▸ Aim of the task: Would you please retype, exactly, the lines of the listing below between the line with "E d \<longleftrightarrow>" and the line with "(let m = real (num_edges V E) in", inclusive?
[[ Available records open ]]
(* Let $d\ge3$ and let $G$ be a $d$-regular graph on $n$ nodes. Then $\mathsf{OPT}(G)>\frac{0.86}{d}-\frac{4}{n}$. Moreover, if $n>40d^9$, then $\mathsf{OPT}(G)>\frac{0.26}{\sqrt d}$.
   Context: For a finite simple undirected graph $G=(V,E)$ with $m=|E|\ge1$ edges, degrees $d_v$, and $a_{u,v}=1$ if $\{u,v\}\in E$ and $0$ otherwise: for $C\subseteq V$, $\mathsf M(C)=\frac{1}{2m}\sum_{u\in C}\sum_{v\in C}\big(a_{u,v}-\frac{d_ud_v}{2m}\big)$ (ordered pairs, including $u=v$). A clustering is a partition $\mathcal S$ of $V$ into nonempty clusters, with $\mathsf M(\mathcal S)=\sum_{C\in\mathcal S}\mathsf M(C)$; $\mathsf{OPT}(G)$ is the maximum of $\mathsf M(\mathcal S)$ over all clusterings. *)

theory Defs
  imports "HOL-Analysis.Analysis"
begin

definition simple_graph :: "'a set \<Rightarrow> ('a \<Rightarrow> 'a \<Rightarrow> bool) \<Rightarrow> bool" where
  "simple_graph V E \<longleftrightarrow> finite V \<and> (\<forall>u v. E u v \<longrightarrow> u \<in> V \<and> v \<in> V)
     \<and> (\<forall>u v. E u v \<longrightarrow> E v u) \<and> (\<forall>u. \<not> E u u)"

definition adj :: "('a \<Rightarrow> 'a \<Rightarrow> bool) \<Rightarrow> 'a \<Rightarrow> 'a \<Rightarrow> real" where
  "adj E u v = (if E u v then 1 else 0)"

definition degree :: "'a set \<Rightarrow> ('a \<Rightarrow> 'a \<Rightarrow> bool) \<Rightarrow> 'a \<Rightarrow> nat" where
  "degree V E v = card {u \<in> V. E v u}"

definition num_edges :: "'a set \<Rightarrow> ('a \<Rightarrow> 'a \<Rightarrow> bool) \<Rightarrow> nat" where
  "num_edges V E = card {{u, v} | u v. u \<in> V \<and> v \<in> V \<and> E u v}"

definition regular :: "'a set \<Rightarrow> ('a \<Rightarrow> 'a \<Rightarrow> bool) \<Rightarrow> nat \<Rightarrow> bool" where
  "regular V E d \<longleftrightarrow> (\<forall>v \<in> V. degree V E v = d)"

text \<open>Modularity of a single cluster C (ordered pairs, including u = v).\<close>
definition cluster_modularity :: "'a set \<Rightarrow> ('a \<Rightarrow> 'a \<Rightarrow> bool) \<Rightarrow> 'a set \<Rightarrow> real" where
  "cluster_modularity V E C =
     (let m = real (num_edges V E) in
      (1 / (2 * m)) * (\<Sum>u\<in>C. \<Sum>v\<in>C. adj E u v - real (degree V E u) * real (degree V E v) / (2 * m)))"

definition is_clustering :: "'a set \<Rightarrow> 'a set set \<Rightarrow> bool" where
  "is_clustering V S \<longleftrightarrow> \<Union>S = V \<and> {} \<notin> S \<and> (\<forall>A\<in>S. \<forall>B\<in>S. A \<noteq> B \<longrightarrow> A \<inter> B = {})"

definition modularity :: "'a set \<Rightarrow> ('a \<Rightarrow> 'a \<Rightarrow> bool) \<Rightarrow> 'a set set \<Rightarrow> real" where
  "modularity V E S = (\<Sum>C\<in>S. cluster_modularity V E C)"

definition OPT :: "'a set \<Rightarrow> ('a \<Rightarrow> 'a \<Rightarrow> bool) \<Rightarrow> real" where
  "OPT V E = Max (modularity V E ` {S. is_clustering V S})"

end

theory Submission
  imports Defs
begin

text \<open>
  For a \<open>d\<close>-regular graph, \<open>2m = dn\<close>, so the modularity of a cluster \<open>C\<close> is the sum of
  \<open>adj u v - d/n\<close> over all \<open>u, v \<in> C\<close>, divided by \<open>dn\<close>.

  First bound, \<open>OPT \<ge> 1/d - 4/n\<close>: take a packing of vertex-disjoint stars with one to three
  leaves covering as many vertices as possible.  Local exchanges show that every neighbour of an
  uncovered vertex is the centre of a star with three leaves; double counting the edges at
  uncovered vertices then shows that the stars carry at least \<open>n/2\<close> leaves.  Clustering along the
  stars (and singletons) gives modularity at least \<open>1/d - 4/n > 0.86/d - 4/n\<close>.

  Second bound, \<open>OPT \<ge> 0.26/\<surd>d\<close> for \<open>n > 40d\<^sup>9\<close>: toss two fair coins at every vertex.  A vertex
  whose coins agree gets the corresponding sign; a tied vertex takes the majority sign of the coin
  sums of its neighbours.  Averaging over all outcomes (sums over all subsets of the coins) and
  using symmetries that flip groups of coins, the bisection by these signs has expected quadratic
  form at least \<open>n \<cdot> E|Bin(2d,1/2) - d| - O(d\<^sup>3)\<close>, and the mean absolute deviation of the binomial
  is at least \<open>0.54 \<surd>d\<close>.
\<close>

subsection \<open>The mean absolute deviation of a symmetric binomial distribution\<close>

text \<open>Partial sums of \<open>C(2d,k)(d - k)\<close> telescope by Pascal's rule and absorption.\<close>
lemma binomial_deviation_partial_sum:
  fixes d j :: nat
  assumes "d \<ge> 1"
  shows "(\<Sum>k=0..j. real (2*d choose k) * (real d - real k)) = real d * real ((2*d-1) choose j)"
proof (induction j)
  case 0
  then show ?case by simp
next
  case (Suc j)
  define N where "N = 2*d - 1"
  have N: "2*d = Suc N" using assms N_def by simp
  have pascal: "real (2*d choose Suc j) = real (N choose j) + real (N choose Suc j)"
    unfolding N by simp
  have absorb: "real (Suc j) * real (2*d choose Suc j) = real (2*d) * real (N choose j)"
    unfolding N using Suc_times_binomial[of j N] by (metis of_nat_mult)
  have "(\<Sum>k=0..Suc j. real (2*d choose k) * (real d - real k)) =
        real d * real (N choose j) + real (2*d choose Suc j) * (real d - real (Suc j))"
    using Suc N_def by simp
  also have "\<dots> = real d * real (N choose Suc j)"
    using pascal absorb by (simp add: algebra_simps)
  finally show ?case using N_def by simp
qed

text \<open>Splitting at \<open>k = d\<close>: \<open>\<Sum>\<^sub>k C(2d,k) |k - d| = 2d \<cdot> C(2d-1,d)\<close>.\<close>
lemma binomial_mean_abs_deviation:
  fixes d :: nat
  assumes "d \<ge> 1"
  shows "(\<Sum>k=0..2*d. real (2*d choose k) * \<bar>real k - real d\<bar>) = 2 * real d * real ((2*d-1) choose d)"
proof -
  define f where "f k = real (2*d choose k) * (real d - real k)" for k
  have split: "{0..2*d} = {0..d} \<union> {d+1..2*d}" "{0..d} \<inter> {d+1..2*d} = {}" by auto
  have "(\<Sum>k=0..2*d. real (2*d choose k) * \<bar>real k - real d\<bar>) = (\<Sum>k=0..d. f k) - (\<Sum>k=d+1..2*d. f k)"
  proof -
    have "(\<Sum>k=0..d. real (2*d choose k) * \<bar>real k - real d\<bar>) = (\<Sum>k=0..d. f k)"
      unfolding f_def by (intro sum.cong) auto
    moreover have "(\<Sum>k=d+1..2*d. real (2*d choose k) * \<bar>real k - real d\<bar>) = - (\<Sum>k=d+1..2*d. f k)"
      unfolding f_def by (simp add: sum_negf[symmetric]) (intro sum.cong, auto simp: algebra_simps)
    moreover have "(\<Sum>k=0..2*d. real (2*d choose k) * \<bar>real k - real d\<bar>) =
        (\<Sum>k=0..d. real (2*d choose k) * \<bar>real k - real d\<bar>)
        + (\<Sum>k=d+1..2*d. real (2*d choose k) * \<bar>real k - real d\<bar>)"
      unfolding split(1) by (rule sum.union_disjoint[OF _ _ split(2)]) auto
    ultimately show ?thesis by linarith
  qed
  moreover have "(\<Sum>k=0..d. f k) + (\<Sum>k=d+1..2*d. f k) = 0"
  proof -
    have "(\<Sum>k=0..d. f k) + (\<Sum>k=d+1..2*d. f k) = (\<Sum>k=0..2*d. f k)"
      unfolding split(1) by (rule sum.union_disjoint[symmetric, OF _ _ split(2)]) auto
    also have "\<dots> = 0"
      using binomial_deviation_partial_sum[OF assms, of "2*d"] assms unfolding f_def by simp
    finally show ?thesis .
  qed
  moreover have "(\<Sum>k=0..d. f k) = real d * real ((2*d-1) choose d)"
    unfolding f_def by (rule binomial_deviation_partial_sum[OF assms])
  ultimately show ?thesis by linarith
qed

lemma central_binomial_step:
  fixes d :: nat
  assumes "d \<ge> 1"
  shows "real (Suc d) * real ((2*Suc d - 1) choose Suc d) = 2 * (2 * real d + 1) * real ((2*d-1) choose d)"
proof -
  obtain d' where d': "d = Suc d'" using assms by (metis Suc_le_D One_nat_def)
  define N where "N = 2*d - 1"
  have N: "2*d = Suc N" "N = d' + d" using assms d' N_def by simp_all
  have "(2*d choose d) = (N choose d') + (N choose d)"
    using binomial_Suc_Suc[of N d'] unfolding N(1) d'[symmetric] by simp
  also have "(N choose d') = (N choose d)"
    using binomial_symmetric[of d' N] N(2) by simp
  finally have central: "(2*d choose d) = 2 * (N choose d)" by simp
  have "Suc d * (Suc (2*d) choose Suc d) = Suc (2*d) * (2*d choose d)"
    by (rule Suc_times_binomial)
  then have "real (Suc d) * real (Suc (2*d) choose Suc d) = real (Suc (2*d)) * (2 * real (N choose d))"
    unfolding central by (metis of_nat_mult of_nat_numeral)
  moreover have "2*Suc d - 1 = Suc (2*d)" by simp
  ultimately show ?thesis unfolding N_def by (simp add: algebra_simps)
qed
[[ Available records closed ]]
▸ Solution to this exercise:
  "regular V E d \<longleftrightarrow> (\<forall>v \<in> V. degree V E v = d)"

text \<open>Modularity of a single cluster C (ordered pairs, including u = v).\<close>
definition cluster_modularity :: "'a set \<Rightarrow> ('a \<Rightarrow> 'a \<Rightarrow> bool) \<Rightarrow> 'a set \<Rightarrow> real" where
  "cluster_modularity V E C =
     (let m = real (num_edges V E) in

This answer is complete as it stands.